▶ Collected data entries
[Start of section]

lemma cycle_type_UN:
  assumes "finite I" and disj: "disjoint_family_on B I" and fin: "\<And>i. i \<in> I \<Longrightarrow> finite (B i)"
    and inv: "\<And>i x. i \<in> I \<Longrightarrow> x \<in> B i \<Longrightarrow> x \<in> orbit f x \<and> orbit f x \<subseteq> B i"
  shows "cycle_type f (\<Union>i\<in>I. B i) l = (\<Sum>i\<in>I. cycle_type f (B i) l)"
proof -
  define F where "F i = orbit f ` {x \<in> B i. card (orbit f x) = l}" for i
  have fin_F: "\<forall>i\<in>I. finite (F i)" using fin by (simp add: F_def)
  have disj_F: "\<forall>i\<in>I. \<forall>j\<in>I. i \<noteq> j \<longrightarrow> F i \<inter> F j = {}"
  proof (intro ballI impI)
    fix i j assume ij: "i \<in> I" "j \<in> I" "i \<noteq> j"
    show "F i \<inter> F j = {}"
    proof (rule ccontr)
      assume "F i \<inter> F j \<noteq> {}"
      then obtain x y where "x \<in> B i" "y \<in> B j" "orbit f x = orbit f y" unfolding F_def by blast
      then have "x \<in> B i \<inter> B j" using inv ij by blast
      then show False using disj ij unfolding disjoint_family_on_def by blast
    qed
  qed
  have "orbit f ` {x \<in> (\<Union>i\<in>I. B i). card (orbit f x) = l} = (\<Union>i\<in>I. F i)"
    unfolding F_def by blast
  then show ?thesis
    using card_UN_disjoint[OF \<open>finite I\<close> fin_F disj_F] by (simp add: cycle_type_altdef F_def)
qed

lemma cycle_type_cyclic_on:
  assumes "cyclic_on g A"
  shows "cycle_type g A = count {#card A#}"
proof
  fix l
  have "A \<noteq> {}" using assms by (auto simp: cyclic_on_def)
  moreover have "orbit g x = A" if "x \<in> A" for x using orbit_cyclic_eq3[OF assms that] .
  ultimately have "{orbit g x |x. x \<in> A \<and> card (orbit g x) = l} = (if l = card A then {A} else {})"
    by auto
  then show "cycle_type g A l = count {#card A#} l" by (simp add: cycle_type_def)
qed

definition cycle_type_mset :: "('a \<Rightarrow> 'a) \<Rightarrow> 'a set \<Rightarrow> nat multiset" where
  "cycle_type_mset \<sigma> A = image_mset card (mset_set (orbit \<sigma> ` A))"

lemma count_cycle_type_mset:
  assumes "finite A"
  shows "count (cycle_type_mset \<sigma> A) = cycle_type \<sigma> A"
proof
  fix l
  have "count (cycle_type_mset \<sigma> A) l = card (card -` {l} \<inter> orbit \<sigma> ` A)"
    using assms by (simp add: cycle_type_mset_def count_image_mset)
  also have "card -` {l} \<inter> orbit \<sigma> ` A = {orbit \<sigma> x |x. x \<in> A \<and> card (orbit \<sigma> x) = l}"
    by blast
  finally show "count (cycle_type_mset \<sigma> A) l = cycle_type \<sigma> A l" unfolding cycle_type_def .
qed

lemma set_mset_cycle_type_mset:
  "finite A \<Longrightarrow> set_mset (cycle_type_mset \<sigma> A) = (\<lambda>x. card (orbit \<sigma> x)) ` A"
  by (auto simp: cycle_type_mset_def)

lemma sum_cycle_type_mset:
  assumes \<sigma>: "\<sigma> permutes A" and "finite A"
  shows "sum_mset (cycle_type_mset \<sigma> A) = card A"
proof -
  have perm: "permutation \<sigma>" using assms permutation_permutes by blast
  have "disjoint (orbit \<sigma> ` A)"
  proof (rule disjointI)
    fix U W assume "U \<in> orbit \<sigma> ` A" "W \<in> orbit \<sigma> ` A" "U \<noteq> W"
    then show "U \<inter> W = {}"
      using orbit_cyclic_eq3[OF cyclic_on_orbit'[OF perm]] by blast
  qed
  moreover have "finite U" if "U \<in> orbit \<sigma> ` A" for U
    using that permutes_orbit_subset[OF \<sigma>] \<open>finite A\<close> finite_subset by blast
  ultimately have "sum_mset (cycle_type_mset \<sigma> A) = card (\<Union> (orbit \<sigma> ` A))"
    using \<open>finite A\<close> by (simp add: cycle_type_mset_def sum_unfold_sum_mset card_Union_disjoint)
  also have "\<Union> (orbit \<sigma> ` A) = A"
    using permutes_orbit_subset[OF \<sigma>] permutation_self_in_orbit[OF perm] by blast
  finally show ?thesis .
qed
(* Let $l\in\mathbb N$, $V_{l+1}=\{v_1,\dots,v_{l+1}\}$ and $B\subset V_{l+1}$ with $b:=\#B$. The number of balanced trees $T\in\mathcal T_{V_{l+1}}$ with $B(T)=B$ is $0$ if $b\in\{0,l+1\}$, and otherwise $$\#\{T\in\mathcal T_{V_{l+1}}\mid B(T)=B\}=l!\binom{l-1}{b-1}.$$
   Context: For a finite vertex set $V$ and $N\ge1$, a route through $V$ of length $N$ is a sequence $\mathbf i=(i_1,\dots,i_N)\in V^N$ whose set of entries equals $V$; its circuit multigraph $G_{\mathbf i}$ has vertex set $V$ and edges $1,\dots,N$, edge $k<N$ from $i_k$ to $i_{k+1}$, edge $N$ from $i_N$ to $i_1$; $\mathcal C_{V,N}$ is the set of these, each identified with its route. A directed multigraph is balanced if its edges split into pairs $(e,e')$ with the head of $e$ the tail of $e'$ and vice versa. $\mathcal T_{V_{l+1}}$ is the set of balanced $G\in\mathcal C_{V_{l+1},2l}$. The black vertices are $B(G_{\mathbf i})=\{i_t:t\text{ odd}\}$. *)

theory Defs
  imports Main
begin

text \<open>A route of length N through V is a list i of length N (positions 0..N-1 correspond
to the paper's 1..N) whose set of entries is V.  The circuit multigraph G_i is identified
with its route: edge k (0 \<le> k < N) goes from i!k to i!((k+1) mod N).\<close>

definition circuits :: "'a set \<Rightarrow> nat \<Rightarrow> 'a list set" where
  "circuits V N = {i. N \<ge> 1 \<and> length i = N \<and> set i = V}"

definition edge_tail :: "'a list \<Rightarrow> nat \<Rightarrow> 'a" where
  "edge_tail i k = i ! k"

definition edge_head :: "'a list \<Rightarrow> nat \<Rightarrow> 'a" where
  "edge_head i k = i ! ((k + 1) mod length i)"

text \<open>Balanced: the edges split into pairs (e,e') (a fixed-point-free involution on the
edge set) with head e = tail e' and tail e = head e'.\<close>

definition balanced :: "'a list \<Rightarrow> bool" where
  "balanced i \<longleftrightarrow> (\<exists>\<sigma> :: nat \<Rightarrow> nat. \<forall>e < length i.
      \<sigma> e < length i \<and> \<sigma> e \<noteq> e \<and> \<sigma> (\<sigma> e) = e \<and>
      edge_head i e = edge_tail i (\<sigma> e) \<and> edge_tail i e = edge_head i (\<sigma> e))"

definition balanced_trees :: "'a set \<Rightarrow> nat \<Rightarrow> 'a list set" where
  "balanced_trees V l = {i \<in> circuits V (2 * l). balanced i}"

text \<open>Black vertices: entries at odd 1-based positions, i.e. even 0-based positions.\<close>

definition black :: "'a list \<Rightarrow> 'a set" where
  "black i = {i ! t | t. t < length i \<and> even t}"

end

theory Submission
  imports Defs
begin

text \<open>Closing a balanced route T of length 2l through l+1 vertices to T @ [hd T] gives a
  walk around a tree on V that traverses every edge once in each direction; its even positions
  visit one colour class of the tree.  Such walks arise by repeatedly inserting a leaf y next
  to a visit of its neighbour x, i.e. a spike x, y, x.  Classifying walks with root r by the
  number d v of visits of every vertex v, removal of a leaf gives a recursion whose solution is
  (w - 1)! (b - 1)! (d r - 1), where b and w are the sizes of the two colour classes.  The degree
  vectors on the two classes are compositions of l into b and w positive parts, and summing
  over roots and degrees gives (w - 1)! (b - 1)! l C(l - 1, b - 1) C(l - 1, w - 1), which is
  l! C(l - 1, b - 1).\<close>

lemma count_list_conv_card_indices:
  "count_list xs x = card {i. i < length xs \<and> xs ! i = x}"
proof -
  have "{i. i < length xs \<and> xs ! i = x} = {i. i < length xs \<and> x = xs ! i}" by auto
  then show ?thesis by (simp add: count_list_eq_length_filter length_filter_conv_card)
qed

lemma count_list_ge_2:
  assumes "i \<noteq> j" "i < length xs" "j < length xs" "xs ! i = x" "xs ! j = x"
  shows "count_list xs x \<ge> 2"
proof -
  have "card {i, j} \<le> card {i. i < length xs \<and> xs ! i = x}"
    using assms by (intro card_mono) auto
  then show ?thesis using assms(1) by (simp add: count_list_conv_card_indices)
qed

lemma count_list_1_index_unique:
  assumes "count_list xs x = 1" "i < length xs" "j < length xs" "xs ! i = x" "xs ! j = x"
  shows "i = j"
  using count_list_ge_2[of i j xs x] assms by (cases "i = j") auto

section \<open>Spikes\<close>

definition remove_spike :: "'a list \<Rightarrow> nat \<Rightarrow> 'a list" where
  "remove_spike L k = take k L @ drop (k + 2) L"

definition insert_spike :: "'a list \<Rightarrow> nat \<Rightarrow> 'a \<Rightarrow> 'a list" where
  "insert_spike L j y = take (Suc j) L @ [y, L ! j] @ drop (Suc j) L"

lemma length_remove_spike: "k + 2 \<le> length L \<Longrightarrow> length (remove_spike L k) = length L - 2"
  by (simp add: remove_spike_def)

lemma nth_remove_spike:
  "k + 2 \<le> length L \<Longrightarrow> i < length L - 2 \<Longrightarrow>
   remove_spike L k ! i = L ! (if i < k then i else i + 2)"
  by (auto simp: remove_spike_def nth_append min_def)

lemma length_insert_spike [simp]: "j < length L \<Longrightarrow> length (insert_spike L j y) = length L + 2"
  by (simp add: insert_spike_def)

lemma nth_insert_spike:
  assumes "j < length L" "i < length L + 2"
  shows "insert_spike L j y ! i =
    (if i \<le> j then L ! i else if i = Suc j then y else if i = Suc (Suc j) then L ! j else L ! (i - 2))"
proof -
  have "\<not> i \<le> j \<Longrightarrow> i \<noteq> Suc j \<Longrightarrow> i \<noteq> Suc (Suc j) \<Longrightarrow> Suc (i - 3) = i - 2" by arith
  then show ?thesis
    using assms by (auto simp: insert_spike_def nth_append min_def nth_Cons' split: if_splits)
qed

lemma remove_insert_spike: "j < length L \<Longrightarrow> remove_spike (insert_spike L j y) (Suc j) = L"
  by (simp add: insert_spike_def remove_spike_def)
(* Let $[a,b]$ be an interval of length $\ell=b-a+1$ and $\bar y_{a\to b}:=\frac1\ell\sum_{j=a}^by_j$. Let $x_j$ be the predictions of FLH-OGD. Case 1: if the offline optimal takes the form of Structure 1 on $[a,b]$ and $\bar y_{a\to b}\ge B$, then $\sum_{j=a}^b(y_j-x_j)^2-(y_j-u_j)^2\le 10(B+G)^2\log n-\ell(B-u_a)^2$. Case 2: if the offline optimal takes the form of Structure 2 on $[a,b]$ and $\bar y_{a\to b}\le -B$, then $\sum_{j=a}^b(y_j-x_j)^2-(y_j-u_j)^2\le 10(B+G)^2\log n-\ell(B+u_a)^2$.
   Context: Squared loss game: $n\ge 3$, $B\ge 1$, $G\ge B$; for $t=1,\dots,n$ the learner predicts $x_t\in[-B,B]$, then the adversary reveals $y_t\in[-G,G]$. $[a,b]=\{a,\dots,b\}$. FLH-OGD: For each $j\in[n]$ a base learner $E^j$ is started at time $j$; it runs projected online gradient descent on $[-B,B]$ on the losses $x\mapsto (y_t-x)^2$, $t\ge j$: its first prediction $x^{(j)}_j$ is a fixed point of $[-B,B]$, and $x^{(j)}_{t+1}=\Pi\big(x^{(j)}_t-\tfrac{1}{2\tau}\cdot 2(x^{(j)}_t-y_t)\big)$ with $\tau=t-j+1$, $\Pi$ the projection onto $[-B,B]$. The FLH meta-algorithm with learning rate $\zeta$ keeps a probability vector $v_t=(v_t^{(1)},\dots,v_t^{(t)})$, $v_1=(1)$; it predicts $x_t=\sum_{j\le t}v_t^{(j)}x^{(j)}_t$; after $y_t$ is revealed it sets $\hat v^{(i)}_{t+1}=v_t^{(i)}e^{-\zeta(y_t-x_t^{(i)})^2}/\sum_{j\le t}v_t^{(j)}e^{-\zeta(y_t-x_t^{(j)})^2}$ for $i\le t$, then $v^{(t+1)}_{t+1}=1/(t+1)$ and $v^{(i)}_{t+1}=(1-\tfrac1{t+1})\hat v^{(i)}_{t+1}$. FLH-OGD uses $\zeta=1/(2(G+B)^2)$. Offline optimal: given $C_n>0$, $u_1,\dots,u_n$ is an optimal solution of: minimize $\frac12\sum_{t=1}^n(y_t-\tilde u_t)^2$ subject to $\sum_{t=2}^{n}|\tilde u_t-\tilde u_{t-1}|\le C_n$ and $-B\le\tilde u_t\le B$; with optimal dual variables $\lambda\ge0$ (TV constraint) and $\gamma^\pm_t\ge0$ (box constraints) satisfying the KKT conditions: there are $s_t\in[-1,1]$ with $s_t=\mathrm{sign}(u_{t+1}-u_t)$ whenever $u_{t+1}\ne u_t$, $s_0=s_n=0$, $u_t-y_t=\lambda(s_t-s_{t-1})+\gamma_t^--\gamma_t^+$, and $\lambda(\sum_{t=2}^n|u_t-u_{t-1}|-C_n)=0$, $\gamma_t^-(u_t+B)=0$, $\gamma_t^+(u_t-B)=0$. Structure 1 on $[a,b]\subseteq\{2,\dots,n-1\}$: $u_j=u_a\in(-B,B)$ for all $j\in[a,b]$, $u_b>u_{b+1}$ and $u_a>u_{a-1}$. Structure 2 on $[a,b]\subseteq\{2,\dots,n-1\}$: $u_j=u_a\in(-B,B)$ for all $j\in[a,b]$, $u_b<u_{b+1}$ and $u_a<u_{a-1}$. *)

theory Defs
  imports Complex_Main
begin

definition clip :: "real \<Rightarrow> real \<Rightarrow> real" where
  "clip B x = max (- B) (min B x)"

text \<open>Base learner E^j (projected OGD started at time j with initial point c):
  ogd_off y B c j k is its prediction at time j + k.\<close>
primrec ogd_off :: "(nat \<Rightarrow> real) \<Rightarrow> real \<Rightarrow> real \<Rightarrow> nat \<Rightarrow> nat \<Rightarrow> real" where
  "ogd_off y B c j 0 = c"
| "ogd_off y B c j (Suc k) =
     (let p = ogd_off y B c j k; t = j + k; tau = real (t - j + 1)
      in clip B (p - (1 / (2 * tau)) * (2 * (p - y t))))"

text \<open>Prediction x^{(j)}_t of base learner E^j at time t (meaningful for t >= j).\<close>
definition expert :: "(nat \<Rightarrow> real) \<Rightarrow> real \<Rightarrow> real \<Rightarrow> nat \<Rightarrow> nat \<Rightarrow> real" where
  "expert y B c j t = ogd_off y B c j (t - j)"

fun flh_v :: "(nat \<Rightarrow> real) \<Rightarrow> real \<Rightarrow> real \<Rightarrow> real \<Rightarrow> nat \<Rightarrow> nat \<Rightarrow> real" where
  "flh_v y B c \<zeta> 0 i = 0"
| "flh_v y B c \<zeta> (Suc t) i =
     (if t = 0 then (if i = 1 then 1 else 0)
      else if i = Suc t then 1 / real (Suc t)
      else if 1 \<le> i \<and> i \<le> t then
        (1 - 1 / real (Suc t)) *
        (flh_v y B c \<zeta> t i * exp (- \<zeta> * (y t - expert y B c i t)\<^sup>2) /
         (\<Sum>j\<in>{1..t}. flh_v y B c \<zeta> t j * exp (- \<zeta> * (y t - expert y B c j t)\<^sup>2)))
      else 0)"

definition flh_pred :: "(nat \<Rightarrow> real) \<Rightarrow> real \<Rightarrow> real \<Rightarrow> real \<Rightarrow> nat \<Rightarrow> real" where
  "flh_pred y B c \<zeta> t = (\<Sum>j\<in>{1..t}. flh_v y B c \<zeta> t j * expert y B c j t)"

definition flh_ogd :: "(nat \<Rightarrow> real) \<Rightarrow> real \<Rightarrow> real \<Rightarrow> real \<Rightarrow> nat \<Rightarrow> real" where
  "flh_ogd y B G c t = flh_pred y B c (1 / (2 * (G + B)\<^sup>2)) t"

definition feasible :: "nat \<Rightarrow> real \<Rightarrow> real \<Rightarrow> (nat \<Rightarrow> real) \<Rightarrow> bool" where
  "feasible n B Cn w \<longleftrightarrow>
     (\<Sum>t\<in>{2..n}. \<bar>w t - w (t - 1)\<bar>) \<le> Cn \<and> (\<forall>t\<in>{1..n}. - B \<le> w t \<and> w t \<le> B)"

definition obj :: "nat \<Rightarrow> (nat \<Rightarrow> real) \<Rightarrow> (nat \<Rightarrow> real) \<Rightarrow> real" where
  "obj n y w = (1/2) * (\<Sum>t\<in>{1..n}. (y t - w t)\<^sup>2)"

definition offline_opt :: "nat \<Rightarrow> real \<Rightarrow> real \<Rightarrow> (nat \<Rightarrow> real) \<Rightarrow> (nat \<Rightarrow> real) \<Rightarrow> bool" where
  "offline_opt n B Cn y u \<longleftrightarrow>
     feasible n B Cn u \<and> (\<forall>w. feasible n B Cn w \<longrightarrow> obj n y u \<le> obj n y w)"

text \<open>KKT conditions with dual variables lam (TV constraint), gm, gp (box constraints)
  and subgradient signs s.\<close>
definition kkt :: "nat \<Rightarrow> real \<Rightarrow> real \<Rightarrow> (nat \<Rightarrow> real) \<Rightarrow> (nat \<Rightarrow> real) \<Rightarrow> real \<Rightarrow>
                   (nat \<Rightarrow> real) \<Rightarrow> (nat \<Rightarrow> real) \<Rightarrow> (nat \<Rightarrow> real) \<Rightarrow> bool" where
  "kkt n B Cn y u lam gm gp s \<longleftrightarrow>
     lam \<ge> 0 \<and>
     (\<forall>t\<in>{1..n}. gm t \<ge> 0 \<and> gp t \<ge> 0) \<and>
     (\<forall>t\<in>{0..n}. - 1 \<le> s t \<and> s t \<le> 1) \<and>
     (\<forall>t\<in>{1..<n}. u (t + 1) \<noteq> u t \<longrightarrow> s t = sgn (u (t + 1) - u t)) \<and>
     s 0 = 0 \<and> s n = 0 \<and>
     (\<forall>t\<in>{1..n}. u t - y t = lam * (s t - s (t - 1)) + gm t - gp t) \<and>
     lam * ((\<Sum>t\<in>{2..n}. \<bar>u t - u (t - 1)\<bar>) - Cn) = 0 \<and>
     (\<forall>t\<in>{1..n}. gm t * (u t + B) = 0 \<and> gp t * (u t - B) = 0)"

definition structure1 :: "nat \<Rightarrow> real \<Rightarrow> (nat \<Rightarrow> real) \<Rightarrow> nat \<Rightarrow> nat \<Rightarrow> bool" where
  "structure1 n B u a b \<longleftrightarrow>
     2 \<le> a \<and> a \<le> b \<and> b \<le> n - 1 \<and>
     (\<forall>j\<in>{a..b}. u j = u a) \<and> - B < u a \<and> u a < B \<and>
     u b > u (b + 1) \<and> u a > u (a - 1)"

definition structure2 :: "nat \<Rightarrow> real \<Rightarrow> (nat \<Rightarrow> real) \<Rightarrow> nat \<Rightarrow> nat \<Rightarrow> bool" where
  "structure2 n B u a b \<longleftrightarrow>
     2 \<le> a \<and> a \<le> b \<and> b \<le> n - 1 \<and>
     (\<forall>j\<in>{a..b}. u j = u a) \<and> - B < u a \<and> u a < B \<and>
     u b < u (b + 1) \<and> u a < u (a - 1)"

end

theory Submission
  imports Defs "HOL-Analysis.Analysis"
begin
lemma mt_sem_eq_Union_layer_strans:
  assumes "mt_init T = {i}"
  shows "mt_sem T = (\<Union>(s, t, x) \<in> transient_lists (mt_trans T) \<times> Sigma (mt_final T) (mt_fout T).
                        st_sem (layer_strans T i s t x))"
    (is "_ = ?U")
proof
  show "mt_sem T \<subseteq> ?U"
  proof
    fix z assume "z \<in> mt_sem T"
    then obtain u w x t where z: "z = (u, w @ x)" "t \<in> mt_final T" "x \<in> mt_fout T t"
      "run (mt_trans T) i u w t"
      unfolding mt_sem_def assms by blast
    obtain s where s: "run_transients (mt_trans T) i u w s t"
      using run_imp_run_transients[OF z(4)] by blast
    then have "s \<in> transient_lists (mt_trans T)" by (rule run_transients_in_transient_lists)
    with s have "run (layer_trans (mt_trans T) s) (i, 0) u w (t, length s)"
      by (simp add: run_layer_trans_iff)
    with z \<open>s \<in> transient_lists (mt_trans T)\<close> show "z \<in> ?U"
      unfolding st_sem_def layer_strans_def by force
  qed
next
  show "?U \<subseteq> mt_sem T"
  proof clarify
    fix s t x u y
    assume idx: "s \<in> transient_lists (mt_trans T)" "t \<in> mt_final T" "x \<in> mt_fout T t"
      and "(u, y) \<in> st_sem (layer_strans T i s t x)"
    then obtain w where "y = w @ x" "run (layer_trans (mt_trans T) s) (i, 0) u w (t, length s)"
      unfolding st_sem_def layer_strans_def by auto
    with idx have "y = w @ x" "run (mt_trans T) i u w t"
      by (auto simp: run_layer_trans_iff intro: run_transients_imp_run)
    with idx show "(u, y) \<in> mt_sem T"
      unfolding mt_sem_def assms by blast
  qed
qed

[End of section]

Please state how many lines in the records contain the word "also", and give only that number.

▶ Exercise output
2